lemma orth_proj_k_sum_outer_prod:
  assumes "finite U" "orthonormal U" "card U = k"
  shows "orth_proj_k k (\<Sum>u\<in>U. outer_prod u)"
proof -
  define Q where "Q = (\<Sum>u\<in>U. outer_prod u)"
  have Q: "Q $ a $ b = (\<Sum>u\<in>U. u$a * cnj (u$b))" for a b
    unfolding Q_def by (rule sum_outer_prod_nth)
  have on: "cinner v u = (if v = u then 1 else 0)" if "u \<in> U" "v \<in> U" for u v
    using assms(2) that by (simp add: orthonormal_def)
  have "(Q ** Q) $ a $ b = Q $ a $ b" for a b
  proof -
    have "(Q ** Q) $ a $ b = (\<Sum>l\<in>UNIV. \<Sum>v\<in>U. \<Sum>u\<in>U. u$a * cnj (v$b) * (v$l * cnj (u$l)))"
      by (simp add: matrix_matrix_mult_def Q sum_distrib_left sum_distrib_right mult_ac)
    also have "\<dots> = (\<Sum>v\<in>U. \<Sum>u\<in>U. u$a * cnj (v$b) * cinner v u)"
      by (simp add: cinner_def sum_distrib_left sum.swap[of _ UNIV])
    also have "\<dots> = (\<Sum>v\<in>U. \<Sum>u\<in>U. if u = v then v$a * cnj (v$b) else 0)"
      by (intro sum.cong refl) (simp add: on)
    also have "\<dots> = (\<Sum>v\<in>U. v$a * cnj (v$b))"
      using assms(1) by simp
    finally show ?thesis by (simp add: Q)
  qed
  then have "Q ** Q = Q"
    by (simp add: vec_eq_iff)
  moreover have "cmat_adj Q = Q"
    by (simp add: cmat_adj_def vec_eq_iff Q cnj_sum mult.commute)
  moreover have "cmat_trace Q = (\<Sum>u\<in>U. cinner u u)"
    by (simp add: cmat_trace_def Q cinner_def sum.swap[of _ UNIV])
  then have "cmat_trace Q = of_nat k"
    using assms(3) by (simp add: on)
  ultimately show ?thesis
    by (simp add: orth_proj_k_def Q_def)
qed

lemma cmat_trace_mult_sum_outer_prod:
  "cmat_trace (B ** (\<Sum>u\<in>U. outer_prod u)) = (\<Sum>u\<in>U. qform B u)"
proof -
  have "cmat_trace (B ** (\<Sum>u\<in>U. outer_prod u))
      = (\<Sum>a\<in>UNIV. \<Sum>b\<in>UNIV. B$a$b * (\<Sum>u\<in>U. u$b * cnj (u$a)))"
    by (simp add: cmat_trace_def matrix_matrix_mult_def outer_prod_def)
  then show ?thesis
    by (simp add: qform_def sum_distrib_left sum.swap[of _ U] mult_ac)
qed

lemma inj_on_axis_one: "inj_on (\<lambda>l. axis l (1::complex) :: complex^'n) L"
  by (simp add: inj_on_def axis_eq_axis)

lemma qform_axis_one: "qform B (axis l 1) = B$l$l"
  by (simp add: qform_def axis_def if_distrib[of cnj] if_distrib[of "\<lambda>y. y * _"]
      if_distrib[of "\<lambda>y. _ * y"] cong: if_cong)

lemma cinner_axis_one: "cinner (axis l 1 :: complex^'n) (axis m 1) = (if l = m then 1 else 0)"
  by (simp add: cinner_def axis_def if_distrib[of cnj] if_distrib[of "\<lambda>y. y * _"]
      if_distrib[of "\<lambda>y. _ * y"] cong: if_cong)

lemma orthonormal_axis_one: "orthonormal ((\<lambda>l. axis l 1 :: complex^'n) ` L)"
  by (auto simp: orthonormal_def cinner_axis_one axis_eq_axis)

definition pair_vec :: "'n \<Rightarrow> 'n \<Rightarrow> complex \<Rightarrow> complex^'n" where
  "pair_vec i j z =
     (\<chi> c. complex_of_real (sqrt (1/2)) * (if c = i then 1 else if c = j then z else 0))"

lemma sum_UNIV_eq_two_support:
  fixes f :: "'n::finite \<Rightarrow> 'a::comm_monoid_add"
  assumes "i \<noteq> j" "\<And>c. c \<noteq> i \<Longrightarrow> c \<noteq> j \<Longrightarrow> f c = 0"
  shows "(\<Sum>c\<in>UNIV. f c) = f i + f j"
proof -
  have "(\<Sum>c\<in>UNIV. f c) = (\<Sum>c\<in>{i,j}. f c)"
    by (rule sum.mono_neutral_right) (use assms in auto)
  then show ?thesis
    using assms(1) by simp
qed

lemma sqrt_half_sq: "complex_of_real (sqrt (1/2)) * complex_of_real (sqrt (1/2)) = 1/2"
  by (simp flip: of_real_mult)

lemma qform_pair_vec:
  assumes "i \<noteq> j"
  shows "qform B (pair_vec i j z) = (B$i$i + B$i$j * z + B$j$i * cnj z + B$j$j * (z * cnj z)) / 2"
proof -
  let ?s = "complex_of_real (sqrt (1/2))"
  have v: "pair_vec i j z $ c = ?s * (if c = i then 1 else if c = j then z else 0)" for c
    by (simp add: pair_vec_def)
  let ?v = "pair_vec i j z"
  have "qform B ?v
      = (\<Sum>b\<in>UNIV. cnj (?v$i) * B$i$b * ?v$b) + (\<Sum>b\<in>UNIV. cnj (?v$j) * B$j$b * ?v$b)"
    unfolding qform_def by (rule sum_UNIV_eq_two_support[OF assms]) (use assms in \<open>auto simp: v\<close>)
  also have "\<dots> = (?s * ?s) * (B$i$i + B$i$j * z + B$j$i * cnj z + B$j$j * (z * cnj z))"
    by (subst (1 2) sum_UNIV_eq_two_support[OF assms]) (use assms in \<open>auto simp: v algebra_simps\<close>)
  finally show ?thesis
    by (simp add: sqrt_half_sq)
qed

lemma cinner_pair_vec_self:
  assumes "i \<noteq> j" "z * cnj z = 1"
  shows "cinner (pair_vec i j z) (pair_vec i j z) = 1"
proof -
  let ?s = "complex_of_real (sqrt (1/2))"
  have "cinner (pair_vec i j z) (pair_vec i j z) = (?s * ?s) * (1 + z * cnj z)"
    unfolding cinner_def
    by (subst sum_UNIV_eq_two_support[OF assms(1)])
      (use assms in \<open>auto simp: pair_vec_def algebra_simps\<close>)
  then show ?thesis
    using assms(2) by (simp add: sqrt_half_sq)
qed

lemma cinner_axis_one_pair_vec:
  assumes "l \<noteq> i" "l \<noteq> j"
  shows "cinner (axis l 1) (pair_vec i j z) = 0" "cinner (pair_vec i j z) (axis l 1) = 0"
  using assms by (auto simp: cinner_def pair_vec_def axis_def intro!: sum.neutral)

lemma pair_vec_notin_axis_one_image:
  assumes "i \<notin> L"
  shows "pair_vec i j z \<notin> (\<lambda>l. axis l 1) ` L"
proof
  assume "pair_vec i j z \<in> (\<lambda>l. axis l 1) ` L"
  then obtain l where "l \<in> L" "pair_vec i j z $ i = axis l 1 $ i"
    by auto
  with assms show False
    by (auto simp: pair_vec_def axis_def split: if_splits)
qed

lemma trace_vanishing_diag_sum:
  assumes vanish: "\<And>Q. orth_proj_k k Q \<Longrightarrow> cmat_trace (B ** Q) = 0" and S: "card S = k"
  shows "(\<Sum>l\<in>S. B$l$l) = 0"
proof -
  let ?U = "(\<lambda>l. axis l 1) ` S"
  note inj = inj_on_axis_one[of S]
  have "orth_proj_k k (\<Sum>u\<in>?U. outer_prod u)"
    using S inj by (intro orth_proj_k_sum_outer_prod) (simp_all add: orthonormal_axis_one card_image)
  then have "(\<Sum>u\<in>?U. qform B u) = 0"
    using vanish by (simp flip: cmat_trace_mult_sum_outer_prod)
  then show ?thesis
    by (simp add: sum.reindex[OF inj] qform_axis_one)
qed

lemma trace_vanishing_offdiag:
  assumes vanish: "\<And>Q. orth_proj_k k Q \<Longrightarrow> cmat_trace (B ** Q) = 0"
    and ij: "i \<noteq> j" and L: "Suc (card L) = k" "i \<notin> L" "j \<notin> L"
    and diag: "\<And>l. B$l$l = 0" and z: "z * cnj z = 1"
  shows "B$i$j * z + B$j$i * cnj z = 0"
proof -
  let ?A = "(\<lambda>l. axis l 1) ` L"
  let ?U = "insert (pair_vec i j z) ?A"
  note inj = inj_on_axis_one[of L]
  have notin: "pair_vec i j z \<notin> ?A"
    using L(2) by (rule pair_vec_notin_axis_one_image)
  have "cinner (axis l 1) (pair_vec i j z) = 0 \<and> cinner (pair_vec i j z) (axis l 1) = 0"
    if "l \<in> L" for l
    using that L(2,3) by (metis cinner_axis_one_pair_vec)
  then have "orthonormal ?U"
    by (auto simp: orthonormal_insert orthonormal_axis_one cinner_pair_vec_self[OF ij z])
  moreover have "card ?U = k"
    using notin L(1) by (simp add: card_image[OF inj])
  ultimately have "orth_proj_k k (\<Sum>u\<in>?U. outer_prod u)"
    by (intro orth_proj_k_sum_outer_prod) simp_all
  then have "(\<Sum>u\<in>?U. qform B u) = 0"
    using vanish by (simp flip: cmat_trace_mult_sum_outer_prod)
  then have "qform B (pair_vec i j z) = 0"
    using notin by (simp add: sum.reindex[OF inj] qform_axis_one diag)
  then show ?thesis
    using diag by (simp add: qform_pair_vec[OF ij])
qed

lemma obtain_subset_avoiding:
  fixes i j :: "'n::finite"
  assumes "0 < k" "k < CARD('n)"
  obtains L where "Suc (card L) = k" "i \<notin> L" "j \<notin> L"
proof -
  have "card {i, j} \<le> 2"
    by (simp add: card_insert_le_m1)
  then have "k - 1 \<le> card (UNIV - {i, j})"
    using assms by (simp add: card_Diff_subset)
  then obtain L where "L \<subseteq> UNIV - {i, j}" "card L = k - 1"
    by (rule obtain_subset_with_card_n)
  then show thesis
    using assms(1) that[of L] by auto
qed
(* Let $n,m,l,N\in\mathbb{N}_{>0}$ and let $\mathcal{M}=\{A_1,\dots,A_m\}\subset\mathbb{R}^{n\times n}$. Let $\omega_N=\{(x_{i},j_{i,1},\dots,j_{i,l}) : 1\le i\le N\}\subset \mathbb{S}\times\{1,\dots,m\}^l$ be a sample (drawn uniformly), and for $\mathbf{j}=(j_1,\dots,j_l)$ write $\mathbf{A_j}:=A_{j_l}A_{j_{l-1}}\cdots A_{j_1}$. Let $\gamma^*(\omega_N)$ be the optimal value of the optimization problem $$\min_{\gamma,P}\ \gamma\quad\text{s.t.}\quad (\mathbf{A_j}x)^TP\,\mathbf{A_j}x\le \gamma^{2l}x^TPx\ \ \forall (x,\mathbf{j})\in\omega_N,\qquad P\succ 0,\ \gamma\ge 0,$$ over $\gamma\in\mathbb{R}$ and symmetric $P\in\mathbb{R}^{n\times n}$. Then $$\rho(\mathcal{M})\ \ge\ \frac{\gamma^*(\omega_N)}{\sqrt[2l]{n}}.$$
   Context: $\mathbb{S}$ denotes the Euclidean unit sphere in $\mathbb{R}^n$. For a finite set $\mathcal{M}\subset\mathbb{R}^{n\times n}$, the joint spectral radius is $\rho(\mathcal{M})=\lim_{k\to\infty}\max\{\|A_{i_1}\cdots A_{i_k}\|^{1/k}: A_{i_j}\in\mathcal{M}\}$. Note the optimization problem only requires the pairs $(x,\mathbf{A_j}x)$, i.e. observed trajectories of length $l$ of the switched system $x_{k+1}=A_{\tau(k)}x_k$. *)

theory Defs
  imports "HOL-Analysis.Analysis"
begin

text \<open>Product of a switching sequence: mat_seq_prod A js k = A (js (k-1)) ** ... ** A (js 0)
  (so for a word j = (j_1,...,j_l), stored as js 0 = j_1, ..., js (l-1) = j_l,
  this is A_{j_l} ... A_{j_1}).\<close>
fun mat_seq_prod :: "(nat \<Rightarrow> real^'n^'n) \<Rightarrow> (nat \<Rightarrow> nat) \<Rightarrow> nat \<Rightarrow> real^'n^'n" where
  "mat_seq_prod A js 0 = mat 1"
| "mat_seq_prod A js (Suc k) = A (js k) ** mat_seq_prod A js k"

definition mat_opnorm :: "real^'n^'n \<Rightarrow> real" where
  "mat_opnorm B = onorm (\<lambda>x. B *v x)"

definition jsr :: "(nat \<Rightarrow> real^'n^'n) \<Rightarrow> nat \<Rightarrow> real" where
  "jsr A m = lim (\<lambda>k. Max {root k (mat_opnorm (mat_seq_prod A js k)) | js.
                              \<forall>i<k. js i \<in> {1..m}})"

definition sym_mat :: "real^'n^'n \<Rightarrow> bool" where
  "sym_mat P \<longleftrightarrow> transpose P = P"

definition pos_def_mat :: "real^'n^'n \<Rightarrow> bool" where
  "pos_def_mat P \<longleftrightarrow> sym_mat P \<and> (\<forall>v. v \<noteq> 0 \<longrightarrow> v \<bullet> (P *v v) > 0)"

## What you are asked to do:
For the records above, state the number of lines holding the string "that", without further comment.

## Output of the exercise:
3